Learned emission probs (fair die)  : [0.304 0.209 0.193 0.    0.02  0.274]
True emission probs   (fair die)  : [0.167 0.167 0.167 0.167 0.167 0.167]

Learned emission probs (loaded die): [0.002 0.101 0.149 0.236 0.201 0.311]
True emission probs   (loaded die): [0.1 0.1 0.1 0.1 0.1 0.5]

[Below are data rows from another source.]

(* Let $m=2k+1$ with $k\in\mathbb{N}$. For every $\beta\in(\frac{k+1+\sqrt{k^2+6k+5}}{2},m+1]$ there exists $x\in(0,\frac{m}{\beta-1})$ with a unique $\beta$-expansion, i.e. $|\Sigma_{\beta,m}(x)|=1$.
   Context: $\Sigma_{\beta,m}(x)=\{(\epsilon_i)_{i=1}^\infty\in\{0,\ldots,m\}^{\mathbb{N}}:\sum_{i\ge1}\epsilon_i\beta^{-i}=x\}$; its elements are the $\beta$-expansions of $x$. *)

theory Defs
  imports "HOL-Analysis.Analysis"
begin

text \<open>A sequence (eps_i)_{i>=1} is represented as eps :: nat => nat with
  eps n standing for eps_{n+1}; the value is sum_{n>=0} eps n * beta^-(n+1).\<close>
definition beta_expansions :: "real \<Rightarrow> nat \<Rightarrow> real \<Rightarrow> (nat \<Rightarrow> nat) set" where
  "beta_expansions \<beta> m x =
     {\<epsilon>. (\<forall>n. \<epsilon> n \<le> m) \<and> (\<lambda>n. real (\<epsilon> n) / \<beta> ^ (Suc n)) sums x}"

end

theory Submission
  imports Defs
begin

text \<open>The point is x = ((k+1)\<beta> + k)/(\<beta>^2 - 1), the value of the periodic expansion
  ((k+1) k) repeated forever. Together with y = (k\<beta> + k + 1)/(\<beta>^2 - 1) it forms a cycle
  \<beta>x = (k+1) + y, \<beta>y = k + x, and x + y = m/(\<beta>-1). Since every expansion of a value z
  has its first digit in [\<beta>z - m/(\<beta>-1), \<beta>z], the first digit of an expansion of x is
  forced to be k+1 as soon as x, y < 1, and likewise k for y; the lower bound on \<beta> is exactly
  the condition x < 1. Hence each digit is forced and the expansion is unique.\<close>

lemma beta_expansions_tail:
  assumes "\<beta> \<noteq> 0" "e \<in> beta_expansions \<beta> m y"
  shows "(\<lambda>n. e (Suc n)) \<in> beta_expansions \<beta> m (\<beta> * y - e 0)"
proof -
  have "(\<lambda>n. real (e (Suc n)) / \<beta> ^ Suc (Suc n)) sums (y - e 0 / \<beta>)"
    using assms(2) sums_Suc_iff[of "\<lambda>n. real (e n) / \<beta> ^ Suc n"]
    by (simp add: beta_expansions_def)
  then have "(\<lambda>n. \<beta> * (real (e (Suc n)) / \<beta> ^ Suc (Suc n))) sums (\<beta> * (y - e 0 / \<beta>))"
    by (rule sums_mult)
  moreover have "\<beta> * (y - e 0 / \<beta>) = \<beta> * y - e 0"
    using assms(1) by (simp add: field_simps)
  ultimately show ?thesis
    using assms by (simp add: beta_expansions_def)
qed

lemma sums_divide_power_Suc:
  fixes \<beta> c :: real
  assumes "\<beta> > 1"
  shows "(\<lambda>n. c / \<beta> ^ Suc n) sums (c / (\<beta> - 1))"
proof -
  have "(\<lambda>n. (1 / \<beta>) ^ n) sums (1 / (1 - 1 / \<beta>))"
    using assms by (intro geometric_sums) auto
  then have "(\<lambda>n. c / \<beta> * (1 / \<beta>) ^ n) sums (c / \<beta> * (1 / (1 - 1 / \<beta>)))"
    by (rule sums_mult)
  then show ?thesis
    using assms by (simp add: field_simps power_divide)
qed

lemma beta_expansions_value_bounds:
  assumes "\<beta> > 1" "e \<in> beta_expansions \<beta> m y"
  shows "0 \<le> y" "y \<le> m / (\<beta> - 1)"
proof -
  have e: "\<forall>n. e n \<le> m" "(\<lambda>n. real (e n) / \<beta> ^ Suc n) sums y"
    using assms(2) by (simp_all add: beta_expansions_def)
  show "0 \<le> y"
    using assms(1) by (intro sums_le[OF _ sums_zero e(2)]) simp
  show "y \<le> m / (\<beta> - 1)"
    using e assms(1)
    by (intro sums_le[OF _ e(2) sums_divide_power_Suc]) (auto intro!: divide_right_mono)
qed

lemma beta_expansions_first_digit_forced:
  assumes "\<beta> > 1" "e \<in> beta_expansions \<beta> m y"
    and "\<beta> * y = d + t" "t < 1" "m / (\<beta> - 1) - t < 1"
  shows "e 0 = d"
proof -
  have "0 \<le> \<beta> * y - e 0" "\<beta> * y - e 0 \<le> m / (\<beta> - 1)"
    using beta_expansions_value_bounds[OF _ beta_expansions_tail] assms(1,2) by auto
  then have "real d - 1 < e 0" "real (e 0) < d + 1"
    using assms(3-5) by linarith+
  then show ?thesis
    by linarith
qed

lemma beta_expansions_unique_if_forced:
  assumes "\<beta> \<noteq> 0"
    and forced: "\<And>y e. y \<in> A \<Longrightarrow> e \<in> beta_expansions \<beta> m y \<Longrightarrow>
      e 0 = d y \<and> \<beta> * y - d y \<in> A"
    and "y \<in> A" "e \<in> beta_expansions \<beta> m y" "e' \<in> beta_expansions \<beta> m y"
  shows "e = e'"
proof
  fix n
  from assms(3-5) show "e n = e' n"
  proof (induction n arbitrary: y e e')
    case 0
    then show ?case
      using forced by metis
  next
    case (Suc n)
    have "e 0 = d y" "e' 0 = d y" "\<beta> * y - d y \<in> A"
      using forced Suc.prems by blast+
    then show ?case
      using Suc.IH[of "\<beta> * y - d y" "\<lambda>n. e (Suc n)" "\<lambda>n. e' (Suc n)"]
        beta_expansions_tail[OF assms(1)] Suc.prems by metis
  qed
qed

lemma sums_alternating_digits:
  fixes \<beta> :: real and p q :: nat
  assumes "\<beta> > 1"
  defines "s \<equiv> \<lambda>n. if even n then p else q"
  shows "(\<lambda>n. real (s n) / \<beta> ^ Suc n) sums ((p * \<beta> + q) / (\<beta>\<^sup>2 - 1))"
proof -
  have "\<forall>n. s n \<le> max p q"
    by (simp add: s_def)
  then have "summable (\<lambda>n. real (s n) / \<beta> ^ Suc n)"
    using assms(1) by (intro summable_comparison_test[OF _ sums_summable[OF
          sums_divide_power_Suc[of \<beta> "max p q"]]]) (auto intro!: divide_right_mono)
  then obtain S where S: "s \<in> beta_expansions \<beta> (max p q) S"
    using \<open>\<forall>n. s n \<le> max p q\<close> by (auto simp: beta_expansions_def summable_sums)
  have "(\<lambda>n. s (Suc (Suc n))) \<in> beta_expansions \<beta> (max p q) (\<beta> * (\<beta> * S - p) - q)"
    using beta_expansions_tail[OF _ beta_expansions_tail[OF _ S]] assms(1) by (simp add: s_def)
  moreover have "(\<lambda>n. s (Suc (Suc n))) = s"
    by (simp add: s_def)
  ultimately have "S = \<beta> * (\<beta> * S - p) - q"
    using S sums_unique2 by (auto simp: beta_expansions_def)
  moreover have "\<beta>\<^sup>2 - 1 \<noteq> 0"
    using one_less_power[OF assms(1), of 2] by linarith
  ultimately have "S = (p * \<beta> + q) / (\<beta>\<^sup>2 - 1)"
    by (simp add: field_simps power2_eq_square)
  then show ?thesis
    using S by (simp add: beta_expansions_def)
qed

lemma beta_expansions_two_cycle:
  fixes a b \<beta> :: real and p q m :: nat
  assumes "\<beta> > 1" "p \<le> m" "q \<le> m"
    and cycle: "\<beta> * a = real p + b" "\<beta> * b = real q + a"
    and "a < 1" "b < 1" "a + b = m / (\<beta> - 1)"
  shows "beta_expansions \<beta> m a = {\<lambda>n. if even n then p else q}"
proof -
  define d where "d y = (if y = a then p else q)" for y
  have forced: "e 0 = d y \<and> \<beta> * y - d y \<in> {a, b}"
    if "y \<in> {a, b}" "e \<in> beta_expansions \<beta> m y" for y e
    using that assms beta_expansions_first_digit_forced[OF assms(1) that(2)]
    by (auto simp: d_def)
  have "\<beta> * (\<beta> * a) = \<beta> * p + q + a"
    using cycle by (simp add: distrib_left)
  then have "a * (\<beta>\<^sup>2 - 1) = p * \<beta> + q"
    by (simp add: power2_eq_square algebra_simps)
  moreover have "\<beta>\<^sup>2 - 1 \<noteq> 0"
    using one_less_power[OF assms(1), of 2] by linarith
  ultimately have "a = (p * \<beta> + q) / (\<beta>\<^sup>2 - 1)"
    by (simp add: eq_divide_eq)
  then have "(\<lambda>n. if even n then p else q) \<in> beta_expansions \<beta> m a"
    using sums_alternating_digits[OF assms(1)] assms(2,3) by (simp add: beta_expansions_def)
  then show ?thesis
    using beta_expansions_unique_if_forced[of \<beta> "{a, b}" m d a] forced assms(1) by fastforce
qed

lemma quadratic_pos_of_lower_bound:
  fixes \<beta> :: real
  assumes "(real k + 1 + sqrt (real k ^ 2 + 6 * real k + 5)) / 2 < \<beta>"
  shows "\<beta>\<^sup>2 - (real k + 1) * \<beta> - (real k + 1) > 0"
proof -
  define r where "r = sqrt (real k ^ 2 + 6 * real k + 5)"
  have "r/2 < \<beta> - (k + 1) / 2" "r \<ge> 0"
    using assms by (simp_all add: r_def field_simps)
  then have "(r/2)\<^sup>2 < (\<beta> - (k + 1) / 2)\<^sup>2"
    by (intro power_strict_mono) auto
  moreover have "r\<^sup>2 = real k ^ 2 + 6 * real k + 5"
    by (simp add: r_def)
  ultimately show ?thesis
    by (simp add: power2_eq_square field_simps)
qed

lemma alternating_cycle_points:
  fixes \<beta> :: real and k :: nat
  assumes "\<beta> > 1" and quad: "\<beta>\<^sup>2 - (real k + 1) * \<beta> - (real k + 1) > 0"
  defines "a \<equiv> ((k + 1) * \<beta> + k) / (\<beta>\<^sup>2 - 1)"
    and "b \<equiv> (k * \<beta> + k + 1) / (\<beta>\<^sup>2 - 1)"
  shows "0 < b" "b < a" "a < 1"
    and "\<beta> * a = real (k + 1) + b" "\<beta> * b = real k + a"
    and "a + b = (2 * k + 1) / (\<beta> - 1)"
proof -
  have D: "\<beta>\<^sup>2 - 1 > 0"
    using one_less_power[OF assms(1), of 2] by linarith
  show "0 < b"
    unfolding b_def using D assms(1) by (intro divide_pos_pos) (auto intro: add_nonneg_pos)
  show "b < a"
    using D assms(1) by (simp add: a_def b_def divide_strict_right_mono algebra_simps)
  show "a < 1"
    using D quad by (simp add: a_def field_simps)
  show "\<beta> * a = real (k + 1) + b" "\<beta> * b = real k + a"
    using D by (simp_all add: a_def b_def field_simps power2_eq_square)
  have "\<beta>\<^sup>2 - 1 = (\<beta> - 1) * (\<beta> + 1)"
    by (simp add: power2_eq_square algebra_simps)
  then have "a + b = ((2 * k + 1) * (\<beta> + 1)) / ((\<beta> - 1) * (\<beta> + 1))"
    unfolding a_def b_def add_divide_distrib[symmetric] by (simp add: algebra_simps)
  then show "a + b = (2 * k + 1) / (\<beta> - 1)"
    using assms(1) by simp
qed

theorem proposition3p7:
  fixes k m :: nat and \<beta> :: real
  assumes "m = 2 * k + 1"
    and "(real k + 1 + sqrt (real k ^ 2 + 6 * real k + 5)) / 2 < \<beta>"
    and "\<beta> \<le> real m + 1"
  shows "\<exists>x. 0 < x \<and> x < real m / (\<beta> - 1) \<and> card (beta_expansions \<beta> m x) = 1"
proof -
  have "sqrt (real k ^ 2 + 6 * real k + 5) \<ge> 1"
    by simp
  then have "\<beta> > 1"
    using assms(2) by (simp del: real_sqrt_ge_1_iff)
  define a where "a = ((k + 1) * \<beta> + k) / (\<beta>\<^sup>2 - 1)"
  define b where "b = (k * \<beta> + k + 1) / (\<beta>\<^sup>2 - 1)"
  note cycle = alternating_cycle_points[OF \<open>\<beta> > 1\<close> quadratic_pos_of_lower_bound[OF assms(2)],
      folded a_def b_def]
  then have "beta_expansions \<beta> m a = {\<lambda>n. if even n then k + 1 else k}"
    using beta_expansions_two_cycle[OF \<open>\<beta> > 1\<close>, of "k + 1" m k a b] assms(1) by simp
  then show ?thesis
    using cycle assms(1) by (intro exI[of _ a]) auto
qed

end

Learned transition matrix:
[[0.703 0.297]
 [0.188 0.812]]
True transition matrix:
[[0.95 0.05]
 [0.1  0.9 ]]

Conclusion¶

Component	Key idea
HMM	Mixture model with a Markov prior on $z_t$
Forward pass	Recursive $O(TK^2)$ computation of $p(z_t, \mathbf{x}_{1:t-1})$
Backward pass	Recursive $O(TK^2)$ computation of $p(\mathbf{x}_{t+1:T} \mid z_t)$
Forward-backward	Combines both to give $p(z_t \mid \mathbf{x}_{1:T})$
Baum-Welch / EM	E-step = forward-backward; M-step = weighted MLE

Extensions worth knowing:

Viterbi algorithm: replaces $\sum$ with $\max$ to find the most likely state sequence $\arg\max_{z_{1:T}} p(z_{1:T} \mid \mathbf{x}_{1:T})$ .
Autoregressive HMMs: each emission depends on both $z_t$ and recent observations $\mathbf{x}_{t-1}$ Wiltschko et al., 2015.
Bayesian HMMs: place a Dirichlet prior on $\boldsymbol{\pi}_0$ , rows of $\mathbf{P}$ , and emission parameters; use Gibbs sampling or VI.
Infinite HMMs (iHMMs): nonparametric prior lets the number of states grow with the data.